The policy has been blasted by faculty and students, but an administrator said Friday that the rule _ which he described as an effort to raise academic standards _ would continue.
“Our goal is to have students with us who are serious about their studies,” said Michael Kinane, assistant to the president.
The students were removed from their dorm rooms last month. The Faculty Senate then unanimously passed three resolutions seeking to have the policy suspended, largely because that group feels it is inconsistent with best practices and disproportionately impacts freshmen, said Faculty Senate chair Maureen Dolan, a mathematics and computer science professor.
“I have not heard yet a single faculty member support this policy,” she said.
Twenty-three of the evicted students did not register for the spring term, Kinane said.
Sandy Pierre, 20, who said she is a junior, said she received a letter during winter break that she would have to leave her dorm because her grade point average was 1.9.
“It came as a shock to me,” said Pierre, who wants to go into public relations and said she is on the school’s dance team. “I was thinking of withdrawing from this semester, which I don’t want to do.”
Pierre said her mother now drives her to and from campus each day, but the travel is taking a toll. “I am enrolled, but it’s really hard for me to actually have to commute,” Pierre said.
About 1,000 of the school’s 3,500 students live in dorms.
The policy has been in effect since at least 1994, Kinane said, but had not previously been enforced. University president Calvin O. Butts III had sought to do so two years ago, Kinane said, but didn’t feel the school had communicated it well enough to students.
As the fall semester began, students received letters and each dorm had a meeting about the policy, Kinane said.
The overall grade point average for Old Westbury students is 2.83, down from 2.84 in fall 2006, Kinane said, while the freshman class score from fall 2007 was 2.87, up from 2.80 for the previous year’s class. It is too soon to tell how the policy impacts grades, he said.

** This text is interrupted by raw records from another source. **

lemma cross3_matrix_vector_mult:
  fixes M :: "real^3^3"
  assumes "det M = 1"
  obtains N where "invertible N" "\<And>x y. cross3 (M *v x) (M *v y) = N *v cross3 x y"
proof -
  obtain N where N: "N ** transpose M = mat 1" "transpose M ** N = mat 1"
    using assms by (metis invertible_def invertible_det_nz det_transpose zero_neq_one)
  have "cross3 (M *v x) (M *v y) = N *v (transpose M *v cross3 (M *v x) (M *v y))" for x y
    by (simp only: matrix_vector_mul_assoc N(1) matrix_vector_mul_lid)
  then have "cross3 (M *v x) (M *v y) = N *v cross3 x y" for x y
    by (simp only: cross_matrix_mult assms scaleR_one)
  moreover have "invertible N"
    using N unfolding invertible_def by blast
  ultimately show ?thesis
    using that by blast
qed

definition unimodular_triples :: "((real^3) \<times> (real^3) \<times> (real^3)) set" where
  "unimodular_triples =
     {(u1, u2, u3). u1 \<in> Ints_vec \<and> u2 \<in> Ints_vec \<and> u3 \<in> Ints_vec \<and> u1 \<bullet> cross3 u2 u3 = 1}"

text \<open>A basis \<open>M u1, M u2, M u3\<close> of the lattice \<open>M \<int>\<^sup>3\<close> is reduced once \<open>(u1, u2, u3)\<close>
  minimises these quantities lexicographically.\<close>
definition reduction_norms :: "real^3^3 \<Rightarrow> ((real^3) \<times> (real^3) \<times> (real^3) \<Rightarrow> real) list" where
  "reduction_norms M =
     [\<lambda>(u1, u2, u3). norm (M *v u1), \<lambda>(u1, u2, u3). norm (cross3 (M *v u1) (M *v u2)),
      \<lambda>(u1, u2, u3). norm (M *v u2), \<lambda>(u1, u2, u3). norm (M *v u3)]"

lemma lex_minimizers_reduction_norms_nonempty:
  assumes "det M = 1"
  shows "lex_minimizers (reduction_norms M) unimodular_triples \<noteq> {}"
proof (rule lex_minimizers_nonempty)
  have "axis i 1 \<in> Ints_vec" for i :: 3
    unfolding Ints_vec_def axis_def by simp
  then have "(axis 1 1, axis 2 1, axis 3 1) \<in> unimodular_triples"
    unfolding unimodular_triples_def by (simp add: cross_basis inner_axis_axis)
  then show "unimodular_triples \<noteq> {}"
    by blast
  obtain N where N: "invertible N" "\<And>x y. cross3 (M *v x) (M *v y) = N *v cross3 x y"
    using cross3_matrix_vector_mult[OF assms] by blast
  have inj: "inj ((*v) M)" "inj ((*v) N)"
    using assms N(1) by (simp_all add: inj_matrix_vector_mult invertible_det_nz)
  fix f S assume f: "f \<in> set (reduction_norms M)" and S: "S \<subseteq> unimodular_triples" "S \<noteq> {}"
  have Ints: "fst t \<in> Ints_vec" "fst (snd t) \<in> Ints_vec" "snd (snd t) \<in> Ints_vec" if "t \<in> S" for t
    using S(1) that unfolding unimodular_triples_def by auto
  have "minimizers (\<lambda>(u1, u2, u3). norm (M *v u1)) S \<noteq> {}"
    by (rule minimizers_norm_nonempty[OF S(2) inj(1), where w = fst]) (simp add: Ints case_prod_unfold)
  moreover have "minimizers (\<lambda>(u1, u2, u3). norm (cross3 (M *v u1) (M *v u2))) S \<noteq> {}"
    by (rule minimizers_norm_nonempty[OF S(2) inj(2), where w = "\<lambda>t. cross3 (fst t) (fst (snd t))"])
      (simp add: Ints Ints_vec_cross3 N(2) case_prod_unfold)
  moreover have "minimizers (\<lambda>(u1, u2, u3). norm (M *v u2)) S \<noteq> {}"
    by (rule minimizers_norm_nonempty[OF S(2) inj(1), where w = "\<lambda>t. fst (snd t)"])
      (simp add: Ints case_prod_unfold)
  moreover have "minimizers (\<lambda>(u1, u2, u3). norm (M *v u3)) S \<noteq> {}"
    by (rule minimizers_norm_nonempty[OF S(2) inj(1), where w = "\<lambda>t. snd (snd t)"])
      (simp add: Ints case_prod_unfold)
  ultimately show "minimizers f S \<noteq> {}"
    using f unfolding reduction_norms_def by auto
qed

lemma reduced_triple_if_lex_minimizer:
  assumes u: "(u1, u2, u3) \<in> lex_minimizers (reduction_norms M) unimodular_triples"
  shows "reduced_triple (M *v u1) (M *v u2) (M *v u3)"
proof -
  have U: "(v1, v2, v3) \<in> unimodular_triples \<longleftrightarrow>
      v1 \<in> Ints_vec \<and> v2 \<in> Ints_vec \<and> v3 \<in> Ints_vec \<and> v1 \<bullet> cross3 v2 v3 = 1" for v1 v2 v3
    by (simp add: unimodular_triples_def)
  have "(u1, u2, u3) \<in> unimodular_triples"
    using u by (rule subsetD[OF lex_minimizers_subset])
  then have u_U: "u1 \<in> Ints_vec" "u2 \<in> Ints_vec" "u3 \<in> Ints_vec" "u1 \<bullet> cross3 u2 u3 = 1"
    by (simp_all add: U)
  note le = lex_minimizers_le[OF u, unfolded reduction_norms_def]
  have "u2 \<bullet> cross3 (- u1) u3 = u1 \<bullet> cross3 u2 u3"
    by (simp add: cross3_simps)
  then have "norm (M *v u1) \<le> norm (M *v u2)"
    using le[of "(u2, - u1, u3)" 0] u_U by (simp add: U Ints_vec_uminus)
  moreover have "norm (M *v u2) \<le> norm (M *v u2 + k *\<^sub>R (M *v u1))" if "k \<in> \<int>" for k
    using le[of "(u1, u2 + k *\<^sub>R u1, u3)" 2] u_U that
    by (simp add: U Ints_vec_add Ints_vec_scaleR cross_add_left cross_mult_left cross_add_right
        cross_mult_right inner_add_right dot_cross_self matrix_vector_right_distrib matrix_vector_mult_scaleR)
  moreover have "norm (cross3 (M *v u1) (M *v u2)) \<le> norm (cross3 (M *v u1) (M *v u3 + l *\<^sub>R (M *v u2)))"
    if "l \<in> \<int>" for l
    using le[of "(u1, u3 + l *\<^sub>R u2, - u2)" 1] u_U that
    by (simp add: U Ints_vec_add Ints_vec_scaleR Ints_vec_uminus cross_add_left cross_mult_left
        inner_add_right cross_skew[of u3 u2] matrix_vector_right_distrib matrix_vector_mult_scaleR)
  moreover have "norm (M *v u3) \<le> norm (M *v u3 + k *\<^sub>R (M *v u1) + l *\<^sub>R (M *v u2))"
    if "k \<in> \<int>" "l \<in> \<int>" for k l
    using le[of "(u1, u2, u3 + k *\<^sub>R u1 + l *\<^sub>R u2)" 3] u_U that
    by (simp add: U Ints_vec_add Ints_vec_scaleR cross_add_right cross_mult_right inner_add_right
        dot_cross_self matrix_vector_right_distrib matrix_vector_mult_scaleR)
  ultimately show ?thesis
    unfolding reduced_triple_def by (simp add: matrix_vector_right_distrib matrix_vector_mult_scaleR)
qed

Professor Runi Mukherji, chair of the school’s psychology department, said the policy is “draconian” and punishes vulnerable students.
“I support the idea that we should have high standards and high expectations for our students,” she said. “This is not the way we should achieve it.”
Freshmen, who have taken few classes and may have trouble adjusting to college life, are the most at risk, she said.
Mukherji said some students removed from the dorms were unable to commute and did not have anywhere to go. Kinane said the college did not offer assistance for affected students to find alternative housing.
Esther Goodcuff, an associate vice president at Adelphi University, which has no policy linking grades to residential life, said in a statement: “Isolating students from campus may exacerbate the student’s poor academic performance, rather than help them.”
On Old Westbury’s campus, students voiced mixed feelings about the policy.
“There’s some people that got affected by it. They were partying,” said Faith Rivera, 26, a senior. “But then there were people who were trying their hardest.”
But other students, including Joseph Walker, 19, a sophomore, said the policy is fair. “A 2.0 is not really that hard,” he said.